Task details » With the string "UNIV" as the filter, copy each matching line from the records.

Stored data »
lemma hit_rank_less:
  assumes "(i, m) \<in> source_hits b R"
  shows "hit_rank m < hit_rank i"
proof -
  have "{j. (m, j) \<in> (source_hits b R)\<^sup>+} \<subset> {j. (i, j) \<in> (source_hits b R)\<^sup>+}"
  proof
    show "{j. (m, j) \<in> (source_hits b R)\<^sup>+} \<subseteq> {j. (i, j) \<in> (source_hits b R)\<^sup>+}"
      using assms by (auto intro: trancl_into_trancl2)
    have "(m, m) \<notin> (source_hits b R)\<^sup>+" using acyclic_hits by (simp add: acyclic_def)
    with assms show "{j. (m, j) \<in> (source_hits b R)\<^sup>+} \<noteq> {j. (i, j) \<in> (source_hits b R)\<^sup>+}"
      by blast
  qed
  then show ?thesis unfolding hit_rank_def by (rule psubset_card_mono[rotated]) simp
qed

lemma hit_rank_eq:
  assumes "(i, m) \<in> source_hits b R" "(j, m) \<in> source_hits b R"
  shows "hit_rank i = hit_rank j"
proof -
  have "{x. (k, x) \<in> (source_hits b R)\<^sup>+} = insert m {x. (m, x) \<in> (source_hits b R)\<^sup>+}"
    if "(k, m) \<in> source_hits b R" for k
  proof (intro equalityI subsetI)
    fix x assume "x \<in> {x. (k, x) \<in> (source_hits b R)\<^sup>+}"
    then obtain z where "(k, z) \<in> source_hits b R" "(z, x) \<in> (source_hits b R)\<^sup>*"
      by (auto dest: tranclD)
    moreover have "z = m"
      using single_valued_source_hits[OF system] \<open>(k, z) \<in> _\<close> that by (rule single_valuedD)
    ultimately show "x \<in> insert m {x. (m, x) \<in> (source_hits b R)\<^sup>+}"
      by (auto dest: rtranclD)
  qed (use that in \<open>auto intro: trancl_into_trancl2\<close>)
  then show ?thesis using assms by (simp add: hit_rank_def)
qed

definition rank :: "'k \<Rightarrow> nat" where
  "rank i = hit_rank i * CARD('n) + card {u. precedes u (s i)}"

lemma card_predecessors_less: "card {u. precedes u v} < CARD('n)"
  using precedes_irrefl by (intro psubset_card_mono) auto

lemma rank_less_if_hit_rank_less:
  assumes "hit_rank j < hit_rank i"
  shows "rank j < rank i"
proof -
  have "rank j < (hit_rank j + 1) * CARD('n)"
    using card_predecessors_less by (simp add: rank_def)
  also have "\<dots> \<le> hit_rank i * CARD('n)" using assms by (intro mult_right_mono) auto
  also have "\<dots> \<le> rank i" by (simp add: rank_def)
  finally show ?thesis .
qed

lemma rank_less_if_source_precedes:
  assumes "hit_rank j = hit_rank i" "precedes (s j) (s i)"
  shows "rank j < rank i"
proof -
  have "{u. precedes u (s j)} \<subset> {u. precedes u (s i)}"
    using assms(2) precedes_trans precedes_irrefl by blast
  then show ?thesis using assms(1) by (simp add: rank_def psubset_card_mono)
qed

lemma rank_less_if_source_on_walk:
  assumes "s i \<in> set (R j)"
  shows "j = i \<or> rank j < rank i"
proof (cases "j = i")
  case False
  then have "b i" using assms source_on_own_walk walk_unique by blast
  with assms have "(i, j) \<in> source_hits b R" by (simp add: source_hits_def)
  then show ?thesis using hit_rank_less rank_less_if_hit_rank_less by blast
qed simp

lemma rank_less_if_source_reaches_source:
  assumes "b j" "reaches (s j) (s i)"
  shows "j = i \<or> rank j < rank i"
proof (cases "s j = s i")
  case True
  then show ?thesis using inj_s by (simp add: inj_eq)
next
  case False
  then have precedes: "precedes (s j) (s i)" using assms(2) by (simp add: reaches_def)
  then obtain m where on_m: "s j \<in> set (R m)" "s i \<in> set (R m)"
    unfolding precedes_def by (metis less_trans nth_mem)
  have "b i"
  proof (rule ccontr)
    assume "\<not> b i"
    then have "s i = hd (R i)" using walk_start[of i] by simp
    with precedes not_precedes_hd show False by metis
  qed
  then have "hit_rank i = hit_rank j"
    using on_m \<open>b j\<close> by (intro hit_rank_eq[of _ m]) (auto simp: source_hits_def)
  then show ?thesis using rank_less_if_source_precedes precedes by simp
qed

lemma rank_less_if_walk_start_reaches_source:
  assumes "b m" "reaches (hd (R m)) (s i)" "s m \<in> set (R j)"
  shows "rank j < rank i"
proof -
  have "s i \<in> set (R m)" using reaches_same_walk[OF assms(2)] walk_nonempty by simp
  moreover have "m \<noteq> i" using \<open>b m\<close> calculation source_not_on_own_walk by blast
  ultimately have "b i" using source_on_own_walk walk_unique by blast
  then have "hit_rank m < hit_rank i"
    using \<open>s i \<in> set (R m)\<close> by (intro hit_rank_less) (simp add: source_hits_def)
  moreover have "hit_rank j < hit_rank m"
    using assms(1,3) by (intro hit_rank_less) (simp add: source_hits_def)
  ultimately show ?thesis using rank_less_if_hit_rank_less by simp
qed

lemma rank_decreases:
  assumes reach: "reaches x (s i)" and cov: "x = y \<or> bidirected_top x y" and y: "y \<in> set (R j)"
  shows "j = i \<or> rank j < rank i"
proof (cases "x = y")
  case True
  then show ?thesis using reach y reaches_same_walk rank_less_if_source_on_walk by blast
next
  case False
  then obtain m where "b m" "{x, y} = {s m, hd (R m)}"
    using cov by (auto simp: bidirected_top_def)
  then consider "x = s m" "y = hd (R m)" | "x = hd (R m)" "y = s m"
    by (auto simp: doubleton_eq_iff)
  then show ?thesis
  proof cases
    case 1
    moreover have "hd (R m) \<in> set (R m)" using walk_nonempty by simp
    ultimately have "m = j" using y walk_unique by blast
    with 1 \<open>b m\<close> reach show ?thesis by (simp add: rank_less_if_source_reaches_source)
  next
    case 2
    with \<open>b m\<close> reach y show ?thesis by (simp add: rank_less_if_walk_start_reaches_source)
  qed
qed

definition target_index :: "'k \<Rightarrow> 'k" where
  "target_index i = inv t (last (R i))"

lemma t_target_index: "t (target_index i) = last (R i)"
  using last_walk_in_targets by (simp add: target_index_def f_inv_into_f)

lemma target_index_permutes: "target_index permutes UNIV"
proof (rule inj_imp_permutes)
  show "inj_on target_index UNIV"
  proof (rule inj_onI)
    fix i j assume "target_index i = target_index j"
    then have "last (R i) = last (R j)" using t_target_index by metis
    then show "i = j" using walk_nonempty walk_unique by (metis last_in_set)
  qed
qed simp_all

lemma reaches_hd_last: "reaches (hd (R i)) (last (R i))"
proof (cases "length (R i) = 1")
  case True
  then show ?thesis using walk_nonempty by (simp add: reaches_def hd_conv_nth last_conv_nth)
next
  case False
  then have "0 < length (R i) - 1" using walk_nonempty by (simp add: Suc_lessI)
  then show ?thesis unfolding reaches_def precedes_def
    using walk_nonempty
    by (metis diff_less hd_conv_nth last_conv_nth length_greater_0_conv zero_less_one)
qed

lemma source_weight_diagonal: "source_weight H v v = 1"
proof -
  have "\<not> (walk_edge h v \<and> reaches v h)" for h
    using walk_edge_precedes precedes_trans precedes_irrefl unfolding reaches_def by blast
  then show ?thesis by (simp add: source_weight_def reaches_def)
qed

lemma det_criterion_matrix_nonzero:
  "det (\<chi> i j. phi edge_matrix error_cov $ s i $ t j
      - (\<Sum>h\<in>H i. phi edge_matrix error_cov $ h $ t j * edge_matrix $ h $ s i) :: real^'k^'k) \<noteq> 0"
  (is "det ?A \<noteq> 0")
proof (rule det_nonzero_if_triangular_after_permutation[OF target_index_permutes, where f = rank])
  define summand where "summand i j x y = source_weight (H i) (s i) x * error_cov $ x $ y
    * of_bool (reaches y (last (R j)))" for i j x y
  have entry: "?A $ i $ target_index j = (\<Sum>y\<in>UNIV. \<Sum>x\<in>UNIV. summand i j x y)" for i j
    using criterion_matrix_entry by (simp add: t_target_index summand_def)
  have nonneg: "summand i j x y \<ge> 0" for i j x y
    by (simp add: summand_def source_weight_def error_cov_def)
  show "j = i \<or> rank j < rank i" if nonzero: "?A $ i $ target_index j \<noteq> 0" for i j
  proof -
    obtain y where "(\<Sum>x\<in>UNIV. summand i j x y) \<noteq> 0"
      using nonzero unfolding entry by (rule sum.not_neutral_contains_not_neutral)
    then obtain x where "summand i j x y \<noteq> 0" by (rule sum.not_neutral_contains_not_neutral)
    then have "source_weight (H i) (s i) x \<noteq> 0" "error_cov $ x $ y \<noteq> 0"
      "reaches y (last (R j))"
      by (simp_all add: summand_def)
    then have "reaches x (s i)" "x = y \<or> bidirected_top x y" "y \<in> set (R j)"
      by (simp_all add: source_weight_def error_cov_def reaches_last_walk split: if_splits)
    then show ?thesis by (rule rank_decreases)
  qed
  show "?A $ i $ target_index i \<noteq> 0" for i
  proof -
    have "error_cov $ s i $ hd (R i) > 0"
      using walk_start[of i] source_not_on_own_walk[of i] walk_nonempty[of i]
      by (cases "b i") (auto simp: error_cov_def bidirected_top_def)
    then have "summand i i (s i) (hd (R i)) > 0"
      by (simp add: summand_def source_weight_diagonal reaches_hd_last)
    then have "(\<Sum>x\<in>UNIV. summand i i x (hd (R i))) > 0"
      using nonneg by (intro sum_pos2) auto
    then have "(\<Sum>y\<in>UNIV. \<Sum>x\<in>UNIV. summand i i x y) > 0"
      using nonneg by (intro sum_pos2[where f = "\<lambda>y. \<Sum>x\<in>UNIV. summand i i x y"] sum_nonneg) auto
    then show ?thesis unfolding entry by simp
  qed
qed

end

theorem lemma4p2:
  fixes D B :: "('n::finite \<times> 'n) set"
    and s t :: "'k::finite \<Rightarrow> 'n"
    and H :: "'k \<Rightarrow> 'n set"
  assumes "mixed_graph D B"
    and "inj s" and "inj t"
    and "\<And>i. H i \<subseteq> pa D (s i)"
    and "\<exists>P. half_trek_system_nsi D B (range s) (range t) P"
  shows "\<exists>\<Lambda> \<Omega>. params D B \<Lambda> \<Omega> \<and>
           det (\<chi> i j. phi \<Lambda> \<Omega> $ s i $ t j
                 - (\<Sum>h\<in>H i. phi \<Lambda> \<Omega> $ h $ t j * \<Lambda> $ h $ s i) :: real^'k^'k) \<noteq> 0"
proof -
  (* The witness works for every H. *)
  interpret halftrek_sources D B s t using \<open>inj s\<close> by unfold_locales
  obtain P where "half_trek_system_nsi D B (range s) (range t) P" using assms(5) ..
  then obtain b R where "walk_system b R" "\<And>i. distinct (R i)" "acyclic (source_hits b R)"
    by (rule exists_reduced_walk_system) blast
  then interpret reduced_walk_system D B s t b R by unfold_locales
  show ?thesis
    using params_witness[OF \<open>mixed_graph D B\<close>] det_criterion_matrix_nonzero by blast
qed

end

Answer for the task »
lemma target_index_permutes: "target_index permutes UNIV"
  show "inj_on target_index UNIV"
  have entry: "?A $ i $ target_index j = (\<Sum>y\<in>UNIV. \<Sum>x\<in>UNIV. summand i j x y)" for i j
    obtain y where "(\<Sum>x\<in>UNIV. summand i j x y) \<noteq> 0"
    then have "(\<Sum>x\<in>UNIV. summand i i x (hd (R i))) > 0"
    then have "(\<Sum>y\<in>UNIV. \<Sum>x\<in>UNIV. summand i i x y) > 0"
      using nonneg by (intro sum_pos2[where f = "\<lambda>y. \<Sum>x\<in>UNIV. summand i i x y"] sum_nonneg) auto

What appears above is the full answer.